MHPCC’s overarching objective is to contribute to social justice, participation and equality as well as to contribute in improving the conditions for exposed and vulnerable social groups. This implies that the program will view existing social structures and processes that entail social injustice, oppression, and abuse of authority critically.
The program aims to:
* give a wide set of skills within health promotion work, care and local community development.
* give knowledge of methods and tools for initiating and implementing social alteration and development processes in various contexts.
* give the practical competence to implement health promotive processes and to lead social alteration and development work in various local communities.
* promote skills crucial for leadership, planning and disciplinary development positions within the fields of resource mobilization and innovation.
* promote participation and successful cooperation in local settings.
* promote commitment, values and skills needed for individual assessments of the characteristics of successful local development work.
MHPCC will credit 120 ECTS credits.

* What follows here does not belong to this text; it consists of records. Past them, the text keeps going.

text \<open>Each u contributes the generator of its latest update, and distinct vertices
  have distinct latest updates.\<close>
lemma tsum_eq_tree_upds:
  assumes "finite (verts F)"
  shows "tsum F ops i v = (\<lambda>k. of_bool (k \<in> tree_upds F ops i v))"
proof
  fix k
  define A where "A = {u. connected (cur F ops i) u v}"
  have fin: "finite A" using assms by (rule finite_subset[rotated]) (auto simp: A_def connected_def)
  have tsum: "tsum F ops i v k = (\<Sum>u\<in>A. of_bool (latest_upd ops i u k))"
    by (simp add: tsum_def A_def wt_eq_latest_upd)
  show "tsum F ops i v k = of_bool (k \<in> tree_upds F ops i v)"
  proof (cases "\<exists>u\<in>A. latest_upd ops i u k")
    case True
    then obtain u0 where u0: "u0 \<in> A" "latest_upd ops i u0 k" by blast
    then have "latest_upd ops i u k \<longleftrightarrow> u = u0" for u by (auto simp: latest_upd_def)
    then have "tsum F ops i v k = (\<Sum>u\<in>A. of_bool (u = u0))" by (simp add: tsum)
    also have "\<dots> = 1" using fin u0(1) by (simp add: of_bool_def)
    finally show ?thesis using True by (auto simp: tree_upds_def A_def)
  next
    case False
    then show ?thesis by (auto simp: tsum tree_upds_def A_def)
  qed
qed

text \<open>Cell j receives the argument of operation j; a query sums the cells of the
  latest updates in its tree. Its only role is to make OPTZ a minimum over a
  nonempty set.\<close>
definition naive :: "'v rforest \<Rightarrow> 'v ds" where
  "naive F xs = (let i = length xs - 1 in
     (Mov i Inp # (case last xs of
        Qry v \<Rightarrow> map (\<lambda>j. Add i (Cell i) (Cell j)) (sorted_list_of_set (tree_upds F xs i v))
      | _ \<Rightarrow> []), i))"

lemma naive_take:
  assumes "i < length ops"
  shows "naive F (take (Suc i) ops) = (Mov i Inp # (case ops ! i of
      Qry v \<Rightarrow> map (\<lambda>j. Add i (Cell i) (Cell j)) (sorted_list_of_set (tree_upds F ops i v))
    | _ \<Rightarrow> []), i)"
proof -
  have "length (take (Suc i) ops) - 1 = i" and "last (take (Suc i) ops) = ops ! i"
    using assms by (simp_all add: take_Suc_conv_app_nth)
  then show ?thesis by (simp only: naive_def Let_def tree_upds_take)
qed

lemma exec_prog_Adds:
  "t \<notin> set js \<Longrightarrow> exec_prog x (map (\<lambda>j. Add t (Cell t) (Cell j)) js) M
     = M(t := (\<lambda>k. M t k + (\<Sum>j\<leftarrow>js. M j k)))"
proof (induction js arbitrary: M)
  case (Cons j js)
  have "(\<Sum>j'\<leftarrow>js. (M(t := g)) j' k) = (\<Sum>j'\<leftarrow>js. M j' k)" for g k
    using Cons.prems by (intro arg_cong[where f = sum_list] map_cong) auto
  then show ?case using Cons by (simp add: fun_eq_iff add.assoc)
qed (simp add: fun_eq_iff)

lemma memAt_naive_Suc:
  assumes "i < length ops"
  shows "memAt (naive F) ops (Suc i) = (memAt (naive F) ops i)(i := (case ops ! i of
      Qry v \<Rightarrow> (\<lambda>k. \<Sum>j\<in>tree_upds F ops i v. memAt (naive F) ops i j k)
    | _ \<Rightarrow> inp ops i))"
proof -
  define M where "M = memAt (naive F) ops i"
  have step: "memAt (naive F) ops (Suc i) = exec_prog (inp ops i) (fst (naive F (take (Suc i) ops))) M"
    by (simp add: M_def)
  show ?thesis
  proof (cases "ops ! i")
    case (Qry v)
    have "i \<notin> set (sorted_list_of_set (tree_upds F ops i v))"
      using tree_upds_subset[of F ops i v] by auto
    then show ?thesis
      unfolding step M_def[symmetric] using assms Qry
      by (auto simp: naive_take exec_prog_Adds sum_list_distinct_conv_sum_set inp_def fun_eq_iff
          intro!: sum.cong)
  qed (use assms in \<open>simp_all add: step M_def[symmetric] naive_take\<close>)
qed

lemma memAt_naive_stable:
  "j < n \<Longrightarrow> n \<le> length ops \<Longrightarrow> memAt (naive F) ops n j = memAt (naive F) ops (Suc j) j"
proof (induction n)
  case (Suc n)
  then show ?case by (cases "j = n") (simp_all add: memAt_naive_Suc del: memAt.simps)
qed simp

lemma correct_naive:
  fixes F :: "'v rforest"
  assumes "finite (verts F)"
  shows "correct F (naive F)"
  unfolding correct_def
proof (intro allI impI)
  fix ops :: "'v op list" and i v
  assume i: "i < length ops" and q: "ops ! i = Qry v"
  have upd_cell: "memAt (naive F) ops i j = gen j" if "j \<in> tree_upds F ops i v" for j
  proof -
    have j: "j < i" and "\<exists>u. ops ! j = Upd u"
      using that by (auto simp: tree_upds_def latest_upd_def)
    then have "memAt (naive F) ops (Suc j) j = gen j"
      using i by (auto simp: memAt_naive_Suc inp_def simp del: memAt.simps)
    then show ?thesis using memAt_naive_stable[OF j, of ops F] i by (simp del: memAt.simps)
  qed
  have "memAt (naive F) ops (Suc i) i = (\<lambda>k. \<Sum>j\<in>tree_upds F ops i v. gen j k)"
    using i q upd_cell by (simp add: memAt_naive_Suc del: memAt.simps)
  also have "\<dots> = tsum F ops i v"
    unfolding tsum_eq_tree_upds[OF assms] by (simp add: gen_def of_bool_def)
  moreover have "snd (naive F (take (Suc i) ops)) = i" using i by (simp add: naive_take)
  ultimately show "memAt (naive F) ops (Suc i) (snd (naive F (take (Suc i) ops))) = tsum F ops i v"
    by simp
qed

lemma cost_naive: "cost (naive F) ops \<le> length ops * length ops"
proof -
  have step: "sum_list (map icost (fst (naive F (take (Suc i) ops)))) \<le> length ops"
    if i: "i < length ops" for i
  proof (cases "ops ! i")
    case (Qry v)
    have "card (tree_upds F ops i v) \<le> i"
      using card_mono[OF finite_lessThan tree_upds_subset[of F ops i v]] by simp
    then show ?thesis using i Qry by (simp add: naive_take comp_def sum_list_triv)
  qed (use i in \<open>simp_all add: naive_take\<close>)
  have "cost (naive F) ops \<le> (\<Sum>i<length ops. length ops)"
    unfolding cost_def by (rule sum_mono) (use step in simp)
  then show ?thesis by simp
qed

section \<open>Splitting an optimal data structure\<close>

lemma OPTZ_attained:
  assumes "finite (verts F)"
  shows "\<exists>D. correct F D \<and> (\<forall>ops. legal F ops \<and> length ops = m \<longrightarrow> cost D ops \<le> OPTZ F m)"
  unfolding OPTZ_def
proof (rule LeastI_ex, intro exI conjI allI impI)
  show "correct F (naive F)" by (rule correct_naive[OF assms])
  fix ops assume "legal F ops \<and> length ops = m"
  then show "cost (naive F) ops \<le> m * m" using cost_naive[of F ops] by simp
qed

text \<open>Only length at most m can be asked for: G need not admit any legal sequence
  of length m.\<close>
lemma OPTZ_le_cost:
  assumes "correct G D"
  shows "\<exists>ops. legal G ops \<and> length ops \<le> m \<and> OPTZ G m \<le> cost D ops"
proof (rule ccontr)
  assume "\<not> ?thesis"
  then have less: "cost D ops < OPTZ G m" if "legal G ops" "length ops \<le> m" for ops
    using that by (meson not_le)
  have "\<exists>D. correct G D \<and> (\<forall>ops. legal G ops \<and> length ops = m \<longrightarrow> cost D ops \<le> OPTZ G m - 1)"
    using assms less by fastforce
  then have "OPTZ G m \<le> OPTZ G m - 1" unfolding OPTZ_def[of G m] by (rule Least_le)
  moreover have "0 < OPTZ G m" using less[of "[]"] by (simp add: legal_def)
  ultimately show False by simp
qed

lemma cost_le_of_length_le:
  assumes bound: "\<forall>ops. legal F ops \<and> length ops = m \<longrightarrow> cost D ops \<le> k"
    and ops: "legal F ops" and len: "length ops \<le> m"
  shows "cost D ops \<le> k"
proof (cases "ops = []")
  case True
  then show ?thesis by (simp add: cost_def)
next
  case False
  define a where "a = op_vertex (ops ! 0)"
  define pad where "pad = replicate (m - length ops) (Qry a)"
  have "a \<in> verts F - aux F" using legal_nth_vertex[OF ops] False by (simp add: a_def)
  then have "legal F (ops @ pad)" unfolding pad_def by (rule legal_append_replicate_Qry[OF ops])
  moreover have "length (ops @ pad) = m" using len by (simp add: pad_def)
  ultimately have "cost D (ops @ pad) \<le> k" using bound by blast
  then show ?thesis by (simp add: cost_append)
qed

lemma correct_induced_append:
  assumes rf: "rooted_forest F" and cv: "convex F U" and D: "correct F D"
    and xs: "legal F xs" and disj: "cut_vertices xs \<inter> U = {}"
  shows "correct (induced F U) (\<lambda>ys. D (xs @ ys))"
  unfolding correct_def
proof (intro allI impI)
  fix ys i v
  assume ys: "legal (induced F U) ys" and i: "i < length ys" and q: "ys ! i = Qry v"
  have "memAt D (xs @ ys) (Suc (length xs + i)) (snd (D (take (Suc (length xs + i)) (xs @ ys))))
      = tsum F (xs @ ys) (length xs + i) v"
    using D legal_append_induced[OF xs ys disj] i q unfolding correct_def
    by (metis add_less_cancel_left length_append nth_append_length_plus)
  then have "memAt (\<lambda>zs. D (xs @ zs)) ys (Suc i) (snd (D (xs @ take (Suc i) ys)))
      = shift (length xs) (tsum F (xs @ ys) (length xs + i) v)"
    by (simp add: memAt_append del: memAt.simps)
  also have "\<dots> = tsum (induced F U) ys i v"
    by (rule shift_tsum_append_induced[OF rf cv ys i q disj])
  finally show "memAt (\<lambda>zs. D (xs @ zs)) ys (Suc i) (snd (D (xs @ take (Suc i) ys)))
      = tsum (induced F U) ys i v" .
qed

theorem lemma20:
  fixes F :: "'v rforest" and U1 U2 :: "'v set" and m1 m2 :: nat
  assumes "rooted_forest F"
    and "U1 \<union> U2 = verts F" and "U1 \<inter> U2 = {}"
    and "convex F U1" and "convex F U2"
  shows "OPTZ (induced F U1) m1 + OPTZ (induced F U2) m2 \<le> OPTZ F (m1 + m2)"
proof -
  note rf = assms(1) and disj = assms(3) and cv1 = assms(4) and cv2 = assms(5)
  obtain D where D: "correct F D"
    and bound: "\<forall>ops. legal F ops \<and> length ops = m1 + m2 \<longrightarrow> cost D ops \<le> OPTZ F (m1 + m2)"
    using OPTZ_attained[of F "m1 + m2"] rf unfolding rooted_forest_def by blast
  have "correct (induced F U1) D"
    using correct_induced_append[OF rf cv1 D, of "[]"] by (simp add: legal_def cut_vertices_def)
  then obtain ops1 where ops1: "legal (induced F U1) ops1" "length ops1 \<le> m1"
    and cost1: "OPTZ (induced F U1) m1 \<le> cost D ops1"
    using OPTZ_le_cost by blast
  have legal1: "legal F ops1"
    using legal_append_induced[of F "[]", OF _ ops1(1)] by (simp add: legal_def cut_vertices_def)
  have disj1: "cut_vertices ops1 \<inter> U2 = {}" using cut_vertices_subset_induced[OF ops1(1)] disj by blast
  obtain ops2 where ops2: "legal (induced F U2) ops2" "length ops2 \<le> m2"
    and cost2: "OPTZ (induced F U2) m2 \<le> cost (\<lambda>ys. D (ops1 @ ys)) ops2"
    using OPTZ_le_cost[OF correct_induced_append[OF rf cv2 D legal1 disj1]] by blast
  have "cost D (ops1 @ ops2) \<le> OPTZ F (m1 + m2)"
    using cost_le_of_length_le[OF bound legal_append_induced[OF legal1 ops2(1) disj1]] ops1 ops2
    by simp
  then show ?thesis using cost1 cost2 by (simp add: cost_append)
qed

end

The program is organized as a course based (seven courses) part-time study over four years. This program is classified as a master’s degree according to section 5 in the national regulation’s framwork for master degrees (“Forskrift om krav til Mastergrad”). It is organized as a experience based master’s degree due to the need for and emphasis put on the students’ prior professional experience as a substantial contribution to the skills and knowledge gained through the course of the program. By individual agreement students may complete the program before the scheduled four years.
Expected learning outcomes
The National Quality Assurance Framework of Higher Education was established by the Ministry of Education and Research in 2009. The framework consists of the categories knowledge, skills and general knowledge. The framework is furthermore divided into three cycles in which the master’s degree level is located within the second cycle. Having completed MHPCC the student will have achieved:
- Basic knowledge of how international and national contexts influence local communities and of the global health challenges facing the world today.
- Thorough understanding of the impact of social justice, participation and equality on public health.
- Thorough knowledge of multidisciplinary and multiscientific perspectives within health promotion work and care in various types of local communities, both domestic and internationally.
- Insights in a range of methods and practices in local community care.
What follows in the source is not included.